Yantaromyrmex is an extinct genus of ants first described in 2013. Members of this genus are in the subfamily Dolichoderinae of the family Formicidae, known from Middle Eocene to Early Oligocene fossils found in Europe. The genus currently contains five described species, Y. constrictus, Y. geinitzi, Y. intermedius, Y. mayrianum and Y. samlandicus. The first specimens were collected in 1868 and studied by Austrian entomologist Gustav Mayr, who originally placed the fossils in other ant genera until the fossils were reviewed and subsequently placed into their own genus. These ants are small, measuring from 4 to 6 mm in length and can be characterized by their trapezoidal shaped head-capsules and oval compound eyes that are located slightly to the rear of the capsules midpoint, with no known ocelli present.

==Distribution==
Individuals of Yantaromyrmex species have been found as inclusions in four different Middle Eocene to Early Oligocene amber deposits in Europe. Baltic amber is approximately 46 million years old, having been deposited during the Lutetian stage of the Middle Eocene. There is debate on what plant family the amber was produced by, with evidence supporting them being relatives of either Agathis or Pseudolarix. Rovno amber, recovered from deposits in the Rivne region of Ukraine, is slightly younger in age, being dated to the Bartonian to Priabonian of the Late Eocene. Bitterfeld amber is recovered from coal deposits in the Saxony area of Germany and the dating of the deposits is uncertain.
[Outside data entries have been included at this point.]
lemma conv_in_distr_continuous_map:
  fixes Z :: "nat \<Rightarrow> 'a \<Rightarrow> 'e::euclidean_space" and G :: "'b \<Rightarrow> 'e"
    and X :: "nat \<Rightarrow> 'a \<Rightarrow> real" and \<phi> :: "'e \<Rightarrow> real"
  assumes M: "prob_space M" and N: "prob_space N"
    and Zm: "\<And>n. Z n \<in> borel_measurable M" and Gm: "G \<in> borel_measurable N"
    and conv: "conv_in_distr M Z N G" and \<phi>: "continuous_on UNIV \<phi>"
    and Xm: "\<And>n. X n \<in> borel_measurable M"
    and Bad: "\<And>n. Bad n \<in> sets M" "(\<lambda>n. measure M (Bad n)) \<longlonglongrightarrow> 0"
    and eq: "eventually (\<lambda>n. \<forall>\<omega>\<in>space M - Bad n. X n \<omega> = \<phi> (Z n \<omega>)) sequentially"
  shows "conv_in_distr M X N (\<lambda>\<omega>. \<phi> (G \<omega>))"
  unfolding conv_in_distr_def
proof (intro allI impI)
  interpret M: prob_space M by fact
  fix f :: "real \<Rightarrow> real" assume f: "continuous_on UNIV f \<and> bounded (range f)"
  then obtain K where K: "\<And>x. \<bar>f x\<bar> \<le> K" by (auto simp: bounded_iff)
  have fm: "f \<in> borel_measurable borel" using f borel_measurable_continuous_onI by blast
  have \<phi>m: "\<phi> \<in> borel_measurable borel" using \<phi> borel_measurable_continuous_onI by blast
  have "continuous_on UNIV (\<lambda>g. f (\<phi> g))"
    using continuous_on_compose2[OF _ \<phi>, of UNIV f] f by auto
  moreover have "bounded (range (\<lambda>g. f (\<phi> g)))" using K unfolding bounded_iff by auto
  ultimately have lim: "(\<lambda>n. \<integral>\<omega>. f (\<phi> (Z n \<omega>)) \<partial>M) \<longlonglongrightarrow> (\<integral>\<omega>. f (\<phi> (G \<omega>)) \<partial>N)"
    using conv unfolding conv_in_distr_def by (elim allE[of _ "\<lambda>g. f (\<phi> g)"]) blast
  have int: "integrable M (\<lambda>\<omega>. f (X n \<omega>))" "integrable M (\<lambda>\<omega>. f (\<phi> (Z n \<omega>)))" for n
    using K by (auto intro!: M.integrable_bounded_real[of _ K] measurable_compose[OF Xm fm]
        measurable_compose[OF measurable_compose[OF Zm \<phi>m] fm])
  have "(\<lambda>n. (\<integral>\<omega>. f (X n \<omega>) - f (\<phi> (Z n \<omega>)) \<partial>M)) \<longlonglongrightarrow> 0"
  proof (rule Lim_null_comparison)
    show "(\<lambda>n. 2 * K * measure M (Bad n)) \<longlonglongrightarrow> 0"
      using tendsto_mult_right_zero[OF Bad(2), of "2 * K"] by simp
    show "eventually (\<lambda>n. norm (\<integral>\<omega>. f (X n \<omega>) - f (\<phi> (Z n \<omega>)) \<partial>M)
        \<le> 2 * K * measure M (Bad n)) sequentially"
      using eq
    proof eventually_elim
      case (elim n)
      have "\<bar>f (X n \<omega>) - f (\<phi> (Z n \<omega>))\<bar> \<le> 2 * K" for \<omega>
        using K[of "X n \<omega>"] K[of "\<phi> (Z n \<omega>)"] by simp
      then show ?case
        using abs_integral_le_measure_exceptional[OF M _ Bad(1), of "\<lambda>\<omega>. f (X n \<omega>) - f (\<phi> (Z n \<omega>))"]
          elim int by auto
    qed
  qed
  then have "(\<lambda>n. (\<integral>\<omega>. f (X n \<omega>) \<partial>M) - (\<integral>\<omega>. f (\<phi> (Z n \<omega>)) \<partial>M)) \<longlonglongrightarrow> 0"
    using int by simp
  from tendsto_add[OF this lim]
  show "(\<lambda>n. \<integral>\<omega>. f (X n \<omega>) \<partial>M) \<longlonglongrightarrow> (\<integral>\<omega>. f (\<phi> (G \<omega>)) \<partial>N)" by simp
qed

lemma conv_in_distr_scaled_dist_ge_tendsto_0:
  fixes X :: "nat \<Rightarrow> 'a \<Rightarrow> 'e::euclidean_space" and G :: "'b \<Rightarrow> 'e"
  assumes M: "prob_space M" and N: "prob_space N"
    and Xm: "\<And>n. X n \<in> borel_measurable M" and Gm: "G \<in> borel_measurable N"
    and conv: "conv_in_distr M (\<lambda>n \<omega>. r n *\<^sub>R (X n \<omega> - b)) N G"
    and r: "filterlim r at_top sequentially" and \<delta>: "0 < \<delta>"
  shows "(\<lambda>n. measure M {\<omega>\<in>space M. \<delta> \<le> dist (X n \<omega>) b}) \<longlonglongrightarrow> 0"
proof (rule Lim_null_comparison)
  interpret M: prob_space M by fact
  have "filterlim (\<lambda>n. \<delta> * r n) at_top sequentially"
    by (rule filterlim_tendsto_pos_mult_at_top[OF tendsto_const \<delta> r])
  then show "(\<lambda>n. measure M {\<omega>\<in>space M. \<delta> * r n \<le> norm (r n *\<^sub>R (X n \<omega> - b))}) \<longlonglongrightarrow> 0"
    using Xm by (intro conv_in_distr_norm_ge_tendsto_0[OF M N _ Gm conv]) auto
  have "eventually (\<lambda>n. 0 < r n) sequentially" using r by (simp add: filterlim_at_top_dense)
  then show "eventually (\<lambda>n. norm (measure M {\<omega>\<in>space M. \<delta> \<le> dist (X n \<omega>) b})
      \<le> measure M {\<omega>\<in>space M. \<delta> * r n \<le> norm (r n *\<^sub>R (X n \<omega> - b))}) sequentially"
  proof eventually_elim
    case (elim n)
    have "{\<omega>\<in>space M. \<delta> \<le> dist (X n \<omega>) b}
        \<subseteq> {\<omega>\<in>space M. \<delta> * r n \<le> norm (r n *\<^sub>R (X n \<omega> - b))}"
      using elim by (auto simp: dist_norm mult.commute intro: mult_left_mono)
    moreover have "{\<omega>\<in>space M. \<delta> * r n \<le> norm (r n *\<^sub>R (X n \<omega> - b))} \<in> sets M"
      using Xm[of n] by measurable
    ultimately show ?case by (simp add: M.finite_measure_mono)
  qed
qed

lemma measure_infeasible_or_far_tendsto_0:
  fixes A :: "real^'d^'m" and bn :: "nat \<Rightarrow> 'a \<Rightarrow> real^'m" and G :: "'b \<Rightarrow> real^'m"
  assumes M: "prob_space M" and N: "prob_space N"
    and bn_meas: "\<And>n. bn n \<in> borel_measurable M" and G_meas: "G \<in> borel_measurable N"
    and l: "dual_feasible A c l" and r: "filterlim r at_top sequentially" and \<delta>: "0 < \<delta>"
    and conv: "conv_in_distr M (\<lambda>n \<omega>. r n *\<^sub>R (bn n \<omega> - b)) N G"
    and feasible: "(\<lambda>n. measure M {\<omega> \<in> space M. has_optimal A c (bn n \<omega>)}) \<longlonglongrightarrow> 1"
  shows "{\<omega>\<in>space M. \<not> (has_optimal A c (bn n \<omega>) \<and> dist (bn n \<omega>) b < \<delta>)} \<in> sets M"
    and "(\<lambda>n. measure M {\<omega>\<in>space M. \<not> (has_optimal A c (bn n \<omega>) \<and> dist (bn n \<omega>) b < \<delta>)}) \<longlonglongrightarrow> 0"
proof -
  interpret M: prob_space M by fact
  define F where "F n = {\<omega>\<in>space M. \<not> has_optimal A c (bn n \<omega>)}" for n
  define D where "D n = {\<omega>\<in>space M. \<delta> \<le> dist (bn n \<omega>) b}" for n
  have opt_sets: "{\<omega>\<in>space M. has_optimal A c (bn n \<omega>)} \<in> sets M" for n
    using measurable_sets[OF bn_meas borel_closed[OF closed_has_optimal[OF l]]]
    by (simp add: vimage_def Int_def conj_commute)
  have F: "F n \<in> sets M" for n
    using opt_sets[of n] by (auto simp: F_def Collect_neg_eq Diff_eq[symmetric] intro: sets.Diff)
  have D: "D n \<in> sets M" for n unfolding D_def using bn_meas[of n] by measurable
  have eq: "{\<omega>\<in>space M. \<not> (has_optimal A c (bn n \<omega>) \<and> dist (bn n \<omega>) b < \<delta>)} = F n \<union> D n" for n
    by (auto simp: F_def D_def)
  then show "{\<omega>\<in>space M. \<not> (has_optimal A c (bn n \<omega>) \<and> dist (bn n \<omega>) b < \<delta>)} \<in> sets M"
    using F D by simp
  have "measure M (F n) = 1 - measure M {\<omega> \<in> space M. has_optimal A c (bn n \<omega>)}" for n
    using M.prob_compl[OF opt_sets[of n]] by (simp add: F_def set_diff_eq cong: conj_cong)
  then have "(\<lambda>n. measure M (F n)) \<longlonglongrightarrow> 0"
    using tendsto_diff[OF tendsto_const feasible, of 1] by simp
  moreover have "(\<lambda>n. measure M (D n)) \<longlonglongrightarrow> 0"
    unfolding D_def by (rule conv_in_distr_scaled_dist_ge_tendsto_0[OF M N bn_meas G_meas conv r \<delta>])
  ultimately have lim: "(\<lambda>n. measure M (F n) + measure M (D n)) \<longlonglongrightarrow> 0"
    by (rule tendsto_add_zero)
  show "(\<lambda>n. measure M {\<omega>\<in>space M. \<not> (has_optimal A c (bn n \<omega>) \<and> dist (bn n \<omega>) b < \<delta>)})
      \<longlonglongrightarrow> 0"
    unfolding eq
  proof (rule Lim_null_comparison[OF _ lim])
    show "eventually (\<lambda>n. norm (measure M (F n \<union> D n)) \<le> measure M (F n) + measure M (D n)) sequentially"
      using measure_Un_le[OF F D] by simp
  qed
qed

lemma opt_value_expansion_with_high_probability:
  fixes A :: "real^'d^'m" and bn :: "nat \<Rightarrow> 'a \<Rightarrow> real^'m" and G :: "'b \<Rightarrow> real^'m"
  assumes full: "rank A = CARD('m)" and opt: "primal_optimal A c b xs"
    and M: "prob_space M" and N: "prob_space N"
    and bn_meas: "\<And>n. bn n \<in> borel_measurable M" and G_meas: "G \<in> borel_measurable N"
    and r: "filterlim r at_top sequentially"
    and conv: "conv_in_distr M (\<lambda>n \<omega>. r n *\<^sub>R (bn n \<omega> - b)) N G"
    and feasible: "(\<lambda>n. measure M {\<omega> \<in> space M. has_optimal A c (bn n \<omega>)}) \<longlonglongrightarrow> 1"
  obtains Bad where "\<And>n. Bad n \<in> sets M" "(\<lambda>n. measure M (Bad n)) \<longlonglongrightarrow> 0"
    "eventually (\<lambda>n. \<forall>\<omega>\<in>space M - Bad n.
       r n * (opt_value A c (bn n \<omega>) - opt_value A c b) = max_optimal_dual A b c (r n *\<^sub>R (bn n \<omega> - b)) \<and>
       r n *\<^sub>R (bn n \<omega> - b) \<in> {g. \<forall>l. dual_optimal A c b l \<longrightarrow> g \<bullet> l \<le> max_optimal_dual A b c g})
     sequentially"
proof -
  obtain l0 where l0: "dual_feasible A c l0" by (rule exists_dual_feasible[OF opt])
  obtain \<delta> where \<delta>: "0 < \<delta>" and near: "\<And>\<beta>. dist \<beta> b < \<delta> \<Longrightarrow> has_optimal A c \<beta> \<Longrightarrow> \<forall>r\<ge>0.
      r * (opt_value A c \<beta> - opt_value A c b) = max_optimal_dual A b c (r *\<^sub>R (\<beta> - b)) \<and>
      (\<forall>l. dual_optimal A c b l \<longrightarrow> (r *\<^sub>R (\<beta> - b)) \<bullet> l \<le> max_optimal_dual A b c (r *\<^sub>R (\<beta> - b)))"
    using opt_value_local_expansion[OF full opt] unfolding eventually_nhds_metric
    by (auto simp: dist_commute)
  define Bad where "Bad n = {\<omega>\<in>space M. \<not> (has_optimal A c (bn n \<omega>) \<and> dist (bn n \<omega>) b < \<delta>)}" for n
  have "eventually (\<lambda>n. 0 < r n) sequentially" using r by (simp add: filterlim_at_top_dense)
  then have "eventually (\<lambda>n. \<forall>\<omega>\<in>space M - Bad n.
       r n * (opt_value A c (bn n \<omega>) - opt_value A c b) = max_optimal_dual A b c (r n *\<^sub>R (bn n \<omega> - b)) \<and>
       r n *\<^sub>R (bn n \<omega> - b) \<in> {g. \<forall>l. dual_optimal A c b l \<longrightarrow> g \<bullet> l \<le> max_optimal_dual A b c g})
     sequentially"
    by (rule eventually_mono) (auto simp: Bad_def dest!: near)
  then show thesis
    using measure_infeasible_or_far_tendsto_0[OF M N bn_meas G_meas l0 r \<delta> conv feasible]
    by (intro that[of Bad]) (simp_all add: Bad_def)
qed
text \<open>A Cauchy sequence eventually stays \<open>\<eta>\<close>-close to one of its points \<open>h k\<close>; translated back
  by \<open>h\<^sup>-\<^sup>1\<close>, its tail lies in the finite union of the translates \<open>u K\<close> that come \<open>\<eta>\<close>-close to \<open>K\<close>,
  which is compact.\<close>
lemma complete_UNIV_geometric: "complete (UNIV :: 'a set)"
  unfolding complete_def
proof safe
  fix y :: "nat \<Rightarrow> 'a" assume y: "Cauchy y"
  obtain K where K: "compact K" "\<And>x. \<exists>v\<in>carrier G. \<exists>k\<in>K. x = \<phi> v k" using cocompact by blast
  obtain \<eta> where \<eta>: "\<eta> > 0" "finite {u \<in> carrier G. \<exists>k\<in>K. \<exists>k'\<in>K. dist k (\<phi> u k') < \<eta>}"
    using finite_near_translates[OF K(1)] by blast
  define W where "W = {u \<in> carrier G. \<exists>k\<in>K. \<exists>k'\<in>K. dist k (\<phi> u k') < \<eta>}"
  define S where "S = (\<Union>u\<in>W. \<phi> u ` K)"
  obtain N where N: "\<And>m n. m \<ge> N \<Longrightarrow> n \<ge> N \<Longrightarrow> dist (y m) (y n) < \<eta>"
    using y \<eta>(1) unfolding Cauchy_def by blast
  obtain h k where hk: "h \<in> carrier G" "k \<in> K" "y N = \<phi> h k" using K by blast
  define z where "z = (\<lambda>n. \<phi> (inv h) (y (n + N)))"
  have yz: "y (n + N) = \<phi> h (z n)" for n unfolding z_def act_act_inv[OF hk(1)] ..
  have "compact S"
    using \<eta>(2) K(1) continuous_on_act unfolding S_def W_def
    by (intro compact_UN compact_continuous_image) simp_all
  then have "complete S" by (rule compact_imp_complete)
  moreover have "z n \<in> S" for n
  proof -
    obtain u k' where uk: "u \<in> carrier G" "k' \<in> K" "z n = \<phi> u k'" using K by blast
    have "dist k (z n) = dist (y N) (y (n + N))"
      unfolding hk(3) yz by (rule dist_act[OF hk(1), symmetric])
    then have "dist k (\<phi> u k') < \<eta>" using N[of N "n + N"] uk by simp
    then have "u \<in> W" unfolding W_def using uk hk by blast
    then show ?thesis unfolding S_def using uk by auto
  qed
  moreover have "Cauchy z"
  proof -
    have "Cauchy (\<lambda>n. y (n + N))"
      using Cauchy_subseq_Cauchy[OF y, of "\<lambda>n. n + N"] by (simp add: strict_mono_def o_def)
    then show ?thesis unfolding z_def by (rule Cauchy_act[OF inv_closed[OF hk(1)]])
  qed
  ultimately obtain l where "z \<longlonglongrightarrow> l"
    unfolding complete_def by auto
  then have "(\<lambda>n. y (n + N)) \<longlonglongrightarrow> \<phi> h l"
    unfolding yz by (rule continuous_on_tendsto_compose[OF continuous_on_act[OF hk(1), of UNIV]]) auto
  then have "y \<longlonglongrightarrow> \<phi> h l" by (rule LIMSEQ_offset)
  then show "\<exists>l\<in>UNIV. y \<longlonglongrightarrow> l" by blast
qed
lemma append_pair_in_alt231:
  assumes s: "s \<in> alt231_ending n a" and "1 \<le> n"
  shows "append_pair a (2*n) s \<in> alt231 (Suc n)"
proof -
  define m where "m = 2*n"
  define g where "g = append_pair a m s"
  have perm: "s permutes {1..m}" and alt: "alternating m s" and av: "avoids231 m s"
    and last: "s m = a"
    using s by (simp_all add: alt231_ending_def alt231_def m_def)
  have "m \<in> {1..m}"
    using \<open>1 \<le> n\<close> by (simp add: m_def)
  then have "a \<in> {1..m}"
    using permutes_in_image[OF perm, of m] last by simp
  have range: "s i \<in> {1..m}" if "i \<in> {1..m}" for i
    using that permutes_in_image[OF perm, of i] by simp
  have g_eq: "g i = (if a \<le> s i then s i + 2 else s i)" if "i \<in> {1..m}" for i
    using that by (simp add: g_def append_pair_def)
  have g_last: "g (m+1) = a" "g (m+2) = Suc a"
    by (simp_all add: g_def append_pair_def)
  have order: "g i < g j \<longleftrightarrow> s i < s j" if "i \<in> {1..m}" "j \<in> {1..m}" for i j
    using g_eq[OF that(1)] g_eq[OF that(2)] by auto
  have "g permutes {1..m+2}"
  proof (rule inj_imp_permutes)
    have gap: "g i \<noteq> a" "g i \<noteq> Suc a" if "i \<in> {1..m}" for i
      using g_eq[OF that] by auto
    show "inj_on g {1..m+2}"
    proof (rule inj_onI)
      fix i j assume ij: "i \<in> {1..m+2}" "j \<in> {1..m+2}" "g i = g j"
      show "i = j"
      proof (cases "i \<in> {1..m} \<and> j \<in> {1..m}")
        case True
        then have "s i = s j"
          using order[of i j] order[of j i] ij(3) by (metis not_less_iff_gr_or_eq)
        then show ?thesis
          by (simp add: inj_eq[OF permutes_inj[OF perm]])
      next
        case False
        have "i \<in> {1..m} \<or> i = m+1 \<or> i = m+2" "j \<in> {1..m} \<or> j = m+1 \<or> j = m+2"
          using ij(1,2) by auto
        then show ?thesis
          using False ij(3) gap[of i] gap[of j] g_last by auto
      qed
    qed
    show "g i \<in> {1..m+2}" if "i \<in> {1..m+2}" for i
    proof -
      have "i \<in> {1..m} \<or> i = m+1 \<or> i = m+2"
        using that by auto
      then show ?thesis
        using g_eq[of i] range[of i] g_last \<open>a \<in> {1..m}\<close> by auto
    qed
    show "g i = i" if "i \<notin> {1..m+2}" for i
      using that by (auto simp: g_def append_pair_def)
  qed simp
  moreover have "alternating (m+2) g"
    unfolding alternating_def
  proof (intro allI impI)
    fix i assume i: "1 \<le> i \<and> i < m+2"
    have "g m = a + 2"
      using g_eq[OF \<open>m \<in> {1..m}\<close>] last by simp
    moreover have "alternating m g"
      using alternating_order_cong[of m g s] order alt by simp
    moreover have "even m" "odd (m+1)"
      by (simp_all add: m_def)
    ultimately show "if odd i then g i < g (Suc i) else g (Suc i) < g i"
      using i g_last unfolding alternating_def
      by (cases "i < m") (auto simp: less_Suc_eq)
  qed
  moreover have "avoids231 (m+2) g"
    unfolding avoids231_def
  proof
    assume "\<exists>i j k. 1 \<le> i \<and> i < j \<and> j < k \<and> k \<le> m+2 \<and> g k < g i \<and> g i < g j"
    then obtain i j k where ijk: "1 \<le> i" "i < j" "j < k" "k \<le> m+2"
      and lt: "g k < g i" "g i < g j"
      by blast
    have "avoids231 m g"
      using avoids231_order_cong[of m g s] order av by simp
    have "m < k"
    proof (rule ccontr)
      assume "\<not> m < k"
      then have "1 \<le> i \<and> i < j \<and> j < k \<and> k \<le> m \<and> g k < g i \<and> g i < g j"
        using ijk lt by simp
      with \<open>avoids231 m g\<close> show False
        unfolding avoids231_def by blast
    qed
    then have k: "k = m+1 \<or> k = m+2"
      using ijk by auto
    then have "a \<le> g k"
      using g_last by auto
    show False
    proof (cases "j \<le> m")
      case False
      then have "j = m+1" "k = m+2"
        using ijk by auto
      then show False
        using lt g_last by simp
    next
      case True
      text \<open>The entries at \<open>i\<close> and \<open>j\<close> exceed \<open>a\<close>, so with \<open>s m = a\<close> they form
        a 231 pattern of \<open>s\<close>.\<close>
      have "i \<noteq> m" "i \<in> {1..m}" "j \<in> {1..m}"
        using True ijk by auto
      then have "a < s i"
        using g_eq[of i] lt \<open>a \<le> g k\<close> last inj_eq[OF permutes_inj[OF perm], of i m]
        by (auto split: if_splits)
      moreover have "s i < s j"
        using order[of i j] lt(2) \<open>i \<in> {1..m}\<close> \<open>j \<in> {1..m}\<close> by simp
      ultimately have "1 \<le> i \<and> i < j \<and> j < m \<and> m \<le> m \<and> s m < s i \<and> s i < s j"
        using True ijk last by (cases "j = m") auto
      then show False
        using av unfolding avoids231_def by blast
    qed
  qed
  ultimately show ?thesis
    by (simp add: alt231_def g_def m_def)
qed

lemma finite_alt231: "finite (alt231 n)"
  by (rule finite_subset[OF _ finite_permutations[of "{1..2*n}"]]) (auto simp: alt231_def)

lemma bij_betw_transpose_alt231_ending:
  assumes "a \<le> 2*n+1"
  shows "bij_betw ((\<circ>) (Transposition.transpose a (Suc a)))
           {p \<in> alt231_ending (Suc n) (Suc a). p (2*n+1) \<noteq> a} (alt231_ending (Suc n) a)"
proof (rule bij_betw_byWitness[where f' = "(\<circ>) (Transposition.transpose a (Suc a))"])
  let ?\<tau> = "Transposition.transpose a (Suc a)"
  show "(\<circ>) ?\<tau> ` {p \<in> alt231_ending (Suc n) (Suc a). p (2*n+1) \<noteq> a} \<subseteq> alt231_ending (Suc n) a"
    using alt231_transpose_last_down by (auto simp: alt231_ending_def)
  have "?\<tau> \<circ> q \<in> alt231_ending (Suc n) (Suc a) \<and> (?\<tau> \<circ> q) (2*n+1) \<noteq> a"
    if "q \<in> alt231_ending (Suc n) a" for q
  proof -
    have q: "q \<in> alt231 (Suc n)" "q (2*n+2) = a"
      using that by (simp_all add: alt231_ending_def)
    then have "q (2*n+1) < a"
      using alternating_ascent[of "2*n+2" q "2*n+1"] by (simp add: alt231_def)
    then show ?thesis
      using q alt231_transpose_last_up[OF q assms] by (simp add: alt231_ending_def)
  qed
  then show "(\<circ>) ?\<tau> ` alt231_ending (Suc n) a
      \<subseteq> {p \<in> alt231_ending (Suc n) (Suc a). p (2*n+1) \<noteq> a}"
    by (simp add: image_subset_iff)
qed (simp_all add: fun_eq_iff)

lemma bij_betw_remove_last_pair:
  assumes "1 \<le> n"
  shows "bij_betw (remove_last_pair a (2*n))
           {p \<in> alt231_ending (Suc n) (Suc a). p (2*n+1) = a} (alt231_ending n a)"
proof (rule bij_betw_byWitness[where f' = "append_pair a (2*n)"])
  show "\<forall>p \<in> {p \<in> alt231_ending (Suc n) (Suc a). p (2*n+1) = a}.
          append_pair a (2*n) (remove_last_pair a (2*n) p) = p"
    by (auto intro!: append_pair_remove_last_pair simp: alt231_ending_def alt231_def)
  show "\<forall>s \<in> alt231_ending n a. remove_last_pair a (2*n) (append_pair a (2*n) s) = s"
    by (auto intro!: remove_last_pair_append_pair permutes_not_in
        simp: alt231_ending_def alt231_def)
  show "remove_last_pair a (2*n) ` {p \<in> alt231_ending (Suc n) (Suc a). p (2*n+1) = a}
          \<subseteq> alt231_ending n a"
    using remove_last_pair_in_alt231_ending assms by (auto simp: alt231_ending_def)
  show "append_pair a (2*n) ` alt231_ending n a
          \<subseteq> {p \<in> alt231_ending (Suc n) (Suc a). p (2*n+1) = a}"
    using append_pair_in_alt231 assms by (auto simp: alt231_ending_def append_pair_def)
qed

lemma card_alt231_ending_Suc:
  assumes "1 \<le> n" and "a \<le> 2*n+1"
  shows "card (alt231_ending (Suc n) (Suc a))
           = card (alt231_ending (Suc n) a) + card (alt231_ending n a)"
proof -
  have "alt231_ending (Suc n) (Suc a)
          = {p \<in> alt231_ending (Suc n) (Suc a). p (2*n+1) \<noteq> a}
            \<union> {p \<in> alt231_ending (Suc n) (Suc a). p (2*n+1) = a}"
    by blast
  moreover have "finite (alt231_ending (Suc n) (Suc a))"
    using finite_alt231 by (simp add: alt231_ending_def)
  ultimately have "card (alt231_ending (Suc n) (Suc a))
      = card {p \<in> alt231_ending (Suc n) (Suc a). p (2*n+1) \<noteq> a}
        + card {p \<in> alt231_ending (Suc n) (Suc a). p (2*n+1) = a}"
    by (metis (no_types, lifting) card_Un_disjoint disjoint_iff finite_Un mem_Collect_eq)
  then show ?thesis
    using bij_betw_same_card[OF bij_betw_transpose_alt231_ending[OF assms(2)]]
      bij_betw_same_card[OF bij_betw_remove_last_pair[OF assms(1)]]
    by simp
qed
lemma psd_gram:
  fixes A :: "('n::finite) cmat"
  assumes "psd A"
  shows "\<exists>w::'n \<Rightarrow> 'n \<Rightarrow> complex. \<forall>i j. A i j = (\<Sum>k\<in>UNIV. w k i * cnj (w k j))"
  using psd_gram_on_support[of UNIV A] assms by simp

section \<open>Link products and Choi matrices\<close>

definition link_product ::
  "(('r::finite) \<times> ('i::finite)) cmat \<Rightarrow> ('i \<times> ('o::finite)) cmat \<Rightarrow> ('r \<times> 'o) cmat" where
  "link_product X C =
     (\<lambda>(r, y) (r', y'). \<Sum>i\<in>UNIV. \<Sum>i'\<in>UNIV. X (r, i) (r', i') * C (i, y) (i', y'))"

lemma qform_link_product_rank_one:
  "qform (link_product (\<lambda>p q. \<phi> p * cnj (\<phi> q)) C) v
     = qform C (\<lambda>(i, y). \<Sum>r\<in>UNIV. cnj (\<phi> (r, i)) * v (r, y))"
proof -
  define T where "T = (\<lambda>(r, y, r', y', i, i').
    cnj (v (r, y)) * \<phi> (r, i) * cnj (\<phi> (r', i')) * C (i, y) (i', y') * v (r', y'))"
  have "qform (link_product (\<lambda>p q. \<phi> p * cnj (\<phi> q)) C) v = (\<Sum>x\<in>UNIV. T x)"
    unfolding qform_def link_product_def T_def
    by (simp add: sum_UNIV_prod sum_distrib_left sum_distrib_right mult_ac)
  also have "\<dots> = (\<Sum>x\<in>UNIV. T ((\<lambda>(i, y, i', y', r', r). (r, y, r', y', i, i')) x))"
    by (rule sum.reindex_bij_betw[symmetric],
        rule bij_betwI[where g = "\<lambda>(r, y, r', y', i, i'). (i, y, i', y', r', r)"]) auto
  also have "\<dots> = qform C (\<lambda>(i, y). \<Sum>r\<in>UNIV. cnj (\<phi> (r, i)) * v (r, y))"
    unfolding qform_def T_def
    by (simp add: sum_UNIV_prod sum_distrib_left sum_distrib_right mult_ac)
  finally show ?thesis .
qed

lemma link_product_sum_left:
  "link_product (\<lambda>p q. \<Sum>k\<in>K. F k p q) C = (\<lambda>p q. \<Sum>k\<in>K. link_product (F k) C p q)"
  unfolding link_product_def
  by (simp add: fun_eq_iff sum_distrib_right sum.swap[where B = K] split: prod.splits)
Bitterfeld represents a section of the Eocene Paratethys Sea, and the amber that is recovered from the region is thought to be redeposited from older sediments. The fossil record of Bitterfeld and Baltic amber insects is very similar with a number of shared species, and that similarity is noted in the suggestions of a single source for the paleoforest that produced the amber. The amber deposits on the Danish coast, often referred to as Scandinavian amber, is of similar age to the other three European ambers, however a study of the ant fauna published in 2009 indicates Scandinavian amber has a fairly distinct ant assemblage. Y. constricta and Y. geinitzi are both identified from all four European ambers, while Y. samlandicus has been described from Baltic, Bitterfeld and Rovno fossils. Y. intermedius and Y. mayrianum, are each known from only a few fossils, Y. intermedius from only a single Bitterfeld amber fossil while Y. mayrianum is known from a Baltic amber and a Rovno amber fossil.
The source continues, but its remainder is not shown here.